We didn't remove anything other than bookshelf, it was not a feature we developed nor intended thus we couldn't notify anyone of anything if we were not aware it existed since we didn't add it ourselves. There are hundreds of bookshelf plugins that cannot be used in the v4 since we opted to write our own ORM (it's not really an ORM but close enough in this respect).

The point of these RFCs is for those to make suggestions before a feature is built so that some agreement can be made as to how a feature should be built and function.

kevinvugts commented 7 months ago

Is this conversation still hot topic for v5 roadmap? @derrickmehaffy

I think having a perm delete in real world applications isn't an option anyway. And if it is, it's probably just for some really simple app/api. Most of the companies want (historical) data. So soft deletion of records would have my preference in the first place. Or at least some way of having a historical data layer so you won't lose any data unnecessary.

derrickmehaffy commented 7 months ago

Is this conversation still hot topic for v5 roadmap? @derrickmehaffy

I think having a perm delete in real world applications isn't an option anyway. And if it is, it's probably just for some really simple app/api. Most of the companies want (historical) data. So soft deletion of records would have my preference in the first place. Or at least some way of having a historical data layer so you won't lose any data unnecessary.

No probably not and I would also strongly disagree that hard delete use-cases are small.

In any case there is a community plugin for soft deletes: https://www.npmjs.com/package/strapi-plugin-soft-delete

kevinvugts commented 7 months ago

Is this conversation still hot topic for v5 roadmap? @derrickmehaffy I think having a perm delete in real world applications isn't an option anyway. And if it is, it's probably just for some really simple app/api. Most of the companies want (historical) data. So soft deletion of records would have my preference in the first place. Or at least some way of having a historical data layer so you won't lose any data unnecessary.

No probably not and I would also strongly disagree that hard delete use-cases are small.

In any case there is a community plugin for soft deletes: https://www.npmjs.com/package/strapi-plugin-soft-delete

Could you please elaborate more on why you think hard delete use-cases aren't smaller than soft delete use-cases? In a world were data is key?

I think this should be part of the core since soft-deletion makes sure that you build up historical data, which is a lot of cases, if not all cases, is very important for companies. A simple setting can allow the user to opt out of this default logic if you'd ask me.

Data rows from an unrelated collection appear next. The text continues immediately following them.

(* Let $\mathcal{G}$ be an ordered groupoid with $\mathcal{G}_0$ finite, let $\alpha=(A_g,\alpha_g)_{g\in\mathcal{G}}$ be a unital P.O. action of $\mathcal{G}$ on a ring $A$, and let $\beta=(B_g,\beta_g)_{g\in\mathcal{G}}$ be a globalization of $\alpha$ on a ring $B$ in which each $\varphi_e:A_e\to B_e$ is the inclusion map. Let $R=A\ltimes^o_\alpha\mathcal{G}$ and $T=B\ltimes^o_\beta\mathcal{G}$, with $1_R=\sum_{e\in\mathcal{G}_0}\overline{1_e\delta_e}$ regarded as an element of $T$ (and $R$ regarded inside $T$ via $\overline{a\delta_g}\mapsto\overline{a\delta_g}$). Then: (i) $T1_R=\sum_{g\in\mathcal{G}}\overline{\beta_g(A_{d(g)})\delta_g}$; (ii) $1_RT=\sum_{g\in\mathcal{G}}\overline{A_{r(g)}\delta_g}$; (iii) $1_RT1_R=R$; (iv) $T1_RT=T$.
   Context: A groupoid $\mathcal{G}$ is a small category in which every morphism is invertible; $\mathcal{G}_0\subseteq\mathcal{G}$ denotes the identities, $d(g)=g^{-1}g$, $r(g)=gg^{-1}$. $\mathcal{G}$ is ordered if it carries a partial order $\le$ with: (OG1) $g\le h\Rightarrow g^{-1}\le h^{-1}$; (OG2) $g\le h$, $k\le\ell$, $gk,h\ell$ defined $\Rightarrow gk\le h\ell$; (OG3) for $e\in\mathcal{G}_0$, $e\le d(g)$, there is a unique $(g|e)\le g$ with $d(g|e)=e$; (OG3* ) for $e\le r(g)$ there is a unique $(e|g)\le g$ with $r(e|g)=e$. A partial action $\alpha=(A_g,\alpha_g)_{g\in\mathcal{G}}$ on a ring $A$: ideals $A_{r(g)}\triangleleft A$, $A_g\triangleleft A_{r(g)}$, ring isomorphisms $\alpha_g:A_{g^{-1}}\to A_g$ with (P1) $\alpha_e=\mathrm{Id}_{A_e}$ for $e\in\mathcal{G}_0$ and $A=\sum_{e\in\mathcal{G}_0}A_e$; (P2) $\alpha_h^{-1}(A_{g^{-1}}\cap A_h)\subseteq A_{(gh)^{-1}}$ whenever $gh$ is defined; (P3) $\alpha_g\alpha_h(a)=\alpha_{gh}(a)$ whenever $gh$ is defined and $a\in\alpha_h^{-1}(A_{g^{-1}}\cap A_h)$. P.O. action: additionally (PO) $g\le h\Rightarrow A_g\subseteq A_h$ and $\alpha_g=\alpha_h|_{A_{g^{-1}}}$. Unital: each $A_g=A1_g$ for a central idempotent $1_g$ of $A$. Ordered global action: a P.O. action with $A_g=A_{r(g)}$ for all $g$. With $\varphi_e$ the inclusions, $\beta$ being a globalization of $\alpha$ means: $\beta$ is an ordered global action of $\mathcal{G}$ on $B$, each $A_e$ ($e\in\mathcal{G}_0$) is an ideal of $B_e$, $A_g=A_{r(g)}\cap\beta_g(A_{d(g)})$, $\beta_g(a)=\alpha_g(a)$ for $a\in A_{g^{-1}}$, and $B_g=\sum_{r(h)\le r(g)}\beta_h(A_{d(h)})$ for all $g$. For a P.O. action $\alpha$ on $A$, the partial skew groupoid ring is $A\ltimes_\alpha\mathcal{G}=\bigoplus_{g\in\mathcal{G}}A_g\delta_g$ (formal symbols $\delta_g$), with componentwise addition and product $(a_g\delta_g)(b_h\delta_h)=\alpha_g(\alpha_{g^{-1}}(a_g)b_h)\delta_{gh}$ if $gh$ is defined and $0$ otherwise; it is associative when $\alpha$ is unital. The partial skew ordered groupoid ring is $A\ltimes^o_\alpha\mathcal{G}=(A\ltimes_\alpha\mathcal{G})/N$, where $N$ is the ideal generated by $\{a\delta_g-a\delta_h: g\le h,\ a\in A_g\}$; $\overline{x}$ denotes the class of $x$, and $\overline{X\delta_g}=\{\overline{x\delta_g}:x\in X\}$. *)

theory Defs
  imports Main
begin

text \<open>A groupoid is a small category (morphisms gcar, identities gobj \<subseteq> gcar)
  in which every morphism is invertible.  gdom g = d(g) = g^-1 g, gcod g = r(g) = g g^-1;
  the composite gcomp g h (= gh) is defined iff gdom g = gcod h.  gle is the order.\<close>

record 'g ogrpd =
  gcar  :: "'g set"
  gobj  :: "'g set"
  gdom  :: "'g \<Rightarrow> 'g"
  gcod  :: "'g \<Rightarrow> 'g"
  gcomp :: "'g \<Rightarrow> 'g \<Rightarrow> 'g"
  ginv  :: "'g \<Rightarrow> 'g"
  gle   :: "'g \<Rightarrow> 'g \<Rightarrow> bool"

definition gdef :: "'g ogrpd \<Rightarrow> 'g \<Rightarrow> 'g \<Rightarrow> bool" where
  "gdef G g h \<longleftrightarrow> gdom G g = gcod G h"

definition groupoid :: "'g ogrpd \<Rightarrow> bool" where
  "groupoid G \<longleftrightarrow>
     gobj G \<subseteq> gcar G \<and>
     (\<forall>g\<in>gcar G. gdom G g \<in> gobj G \<and> gcod G g \<in> gobj G) \<and>
     (\<forall>e\<in>gobj G. gdom G e = e \<and> gcod G e = e) \<and>
     (\<forall>g\<in>gcar G. \<forall>h\<in>gcar G. gdef G g h \<longrightarrow>
        gcomp G g h \<in> gcar G \<and> gdom G (gcomp G g h) = gdom G h \<and>
        gcod G (gcomp G g h) = gcod G g) \<and>
     (\<forall>g\<in>gcar G. \<forall>h\<in>gcar G. \<forall>k\<in>gcar G. gdef G g h \<longrightarrow> gdef G h k \<longrightarrow>
        gcomp G (gcomp G g h) k = gcomp G g (gcomp G h k)) \<and>
     (\<forall>g\<in>gcar G. gcomp G g (gdom G g) = g \<and> gcomp G (gcod G g) g = g) \<and>
     (\<forall>g\<in>gcar G. ginv G g \<in> gcar G \<and> gdom G (ginv G g) = gcod G g \<and>
        gcod G (ginv G g) = gdom G g \<and>
        gcomp G (ginv G g) g = gdom G g \<and> gcomp G g (ginv G g) = gcod G g)"

definition ordered_groupoid :: "'g ogrpd \<Rightarrow> bool" where
  "ordered_groupoid G \<longleftrightarrow> groupoid G \<and>
     (\<forall>g\<in>gcar G. gle G g g) \<and>
     (\<forall>g\<in>gcar G. \<forall>h\<in>gcar G. gle G g h \<longrightarrow> gle G h g \<longrightarrow> g = h) \<and>
     (\<forall>g\<in>gcar G. \<forall>h\<in>gcar G. \<forall>k\<in>gcar G. gle G g h \<longrightarrow> gle G h k \<longrightarrow> gle G g k) \<and>
     \<comment> \<open>OG1\<close>
     (\<forall>g\<in>gcar G. \<forall>h\<in>gcar G. gle G g h \<longrightarrow> gle G (ginv G g) (ginv G h)) \<and>
     \<comment> \<open>OG2\<close>
     (\<forall>g\<in>gcar G. \<forall>h\<in>gcar G. \<forall>k\<in>gcar G. \<forall>l\<in>gcar G.
        gle G g h \<longrightarrow> gle G k l \<longrightarrow> gdef G g k \<longrightarrow> gdef G h l \<longrightarrow>
        gle G (gcomp G g k) (gcomp G h l)) \<and>
     \<comment> \<open>OG3\<close>
     (\<forall>g\<in>gcar G. \<forall>e\<in>gobj G. gle G e (gdom G g) \<longrightarrow>
        (\<exists>!x. x \<in> gcar G \<and> gle G x g \<and> gdom G x = e)) \<and>
     \<comment> \<open>OG3*\<close>
     (\<forall>g\<in>gcar G. \<forall>e\<in>gobj G. gle G e (gcod G g) \<longrightarrow>
        (\<exists>!x. x \<in> gcar G \<and> gle G x g \<and> gcod G x = e))"

text \<open>Everything lives inside the ring B, taken to be the whole type 'b;
  A is a subring of B (the maps phi_e are inclusions).\<close>

definition subring :: "'b::ring set \<Rightarrow> bool" where
  "subring S \<longleftrightarrow> 0 \<in> S \<and> (\<forall>x\<in>S. \<forall>y\<in>S. x + y \<in> S \<and> x - y \<in> S \<and> x * y \<in> S)"

definition is_ideal :: "'b::ring set \<Rightarrow> 'b set \<Rightarrow> bool" where
  "is_ideal I S \<longleftrightarrow> I \<subseteq> S \<and> 0 \<in> I \<and> (\<forall>x\<in>I. \<forall>y\<in>I. x + y \<in> I \<and> - x \<in> I) \<and>
     (\<forall>x\<in>I. \<forall>s\<in>S. s * x \<in> I \<and> x * s \<in> I)"

definition ring_iso :: "('b::ring \<Rightarrow> 'b) \<Rightarrow> 'b set \<Rightarrow> 'b set \<Rightarrow> bool" where
  "ring_iso f X Y \<longleftrightarrow> bij_betw f X Y \<and>
     (\<forall>x\<in>X. \<forall>y\<in>X. f (x + y) = f x + f y \<and> f (x * y) = f x * f y)"

definition fsum_sets :: "'i set \<Rightarrow> ('i \<Rightarrow> 'b::comm_monoid_add set) \<Rightarrow> 'b set" where
  "fsum_sets I F = {(\<Sum>i\<in>S. x i) | S x. finite S \<and> S \<subseteq> I \<and> (\<forall>i\<in>S. x i \<in> F i)}"

definition partial_action ::
  "'g ogrpd \<Rightarrow> 'b::ring set \<Rightarrow> ('g \<Rightarrow> 'b set) \<Rightarrow> ('g \<Rightarrow> 'b \<Rightarrow> 'b) \<Rightarrow> bool" where
  "partial_action G A As al \<longleftrightarrow> subring A \<and>
     (\<forall>g\<in>gcar G. is_ideal (As (gcod G g)) A \<and> is_ideal (As g) (As (gcod G g))) \<and>
     (\<forall>g\<in>gcar G. ring_iso (al g) (As (ginv G g)) (As g)) \<and>
     \<comment> \<open>P1\<close>
     (\<forall>e\<in>gobj G. \<forall>a\<in>As e. al e a = a) \<and> A = fsum_sets (gobj G) As \<and>
     \<comment> \<open>P2, P3\<close>
     (\<forall>g\<in>gcar G. \<forall>h\<in>gcar G. gdef G g h \<longrightarrow>
        (\<forall>a\<in>As (ginv G h). al h a \<in> As (ginv G g) \<inter> As h \<longrightarrow>
           a \<in> As (ginv G (gcomp G g h)) \<and> al g (al h a) = al (gcomp G g h) a))"

definition po_action ::
  "'g ogrpd \<Rightarrow> 'b::ring set \<Rightarrow> ('g \<Rightarrow> 'b set) \<Rightarrow> ('g \<Rightarrow> 'b \<Rightarrow> 'b) \<Rightarrow> bool" where
  "po_action G A As al \<longleftrightarrow> partial_action G A As al \<and>
     (\<forall>g\<in>gcar G. \<forall>h\<in>gcar G. gle G g h \<longrightarrow>
        As g \<subseteq> As h \<and> (\<forall>a\<in>As (ginv G g). al g a = al h a))"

derrickmehaffy commented 7 months ago

I've been around in the community since 2017, joined the company in 2020 and since both of those dates I've seen maybe 10 or 20 use-cases where it made sense.

In terms of our customer base I can't think of any enterprise customer who has asked about soft delete except for one or two but it wasn't a hard requirement.

Not saying the feature wouldn't be useful but in terms of priorities there are a lot of other features higher on that list like content versioning.

kevinvugts commented 7 months ago

Okey, that's fair enough. You guys know more about your existing customers. But please don't take your customer base as the single source of truth.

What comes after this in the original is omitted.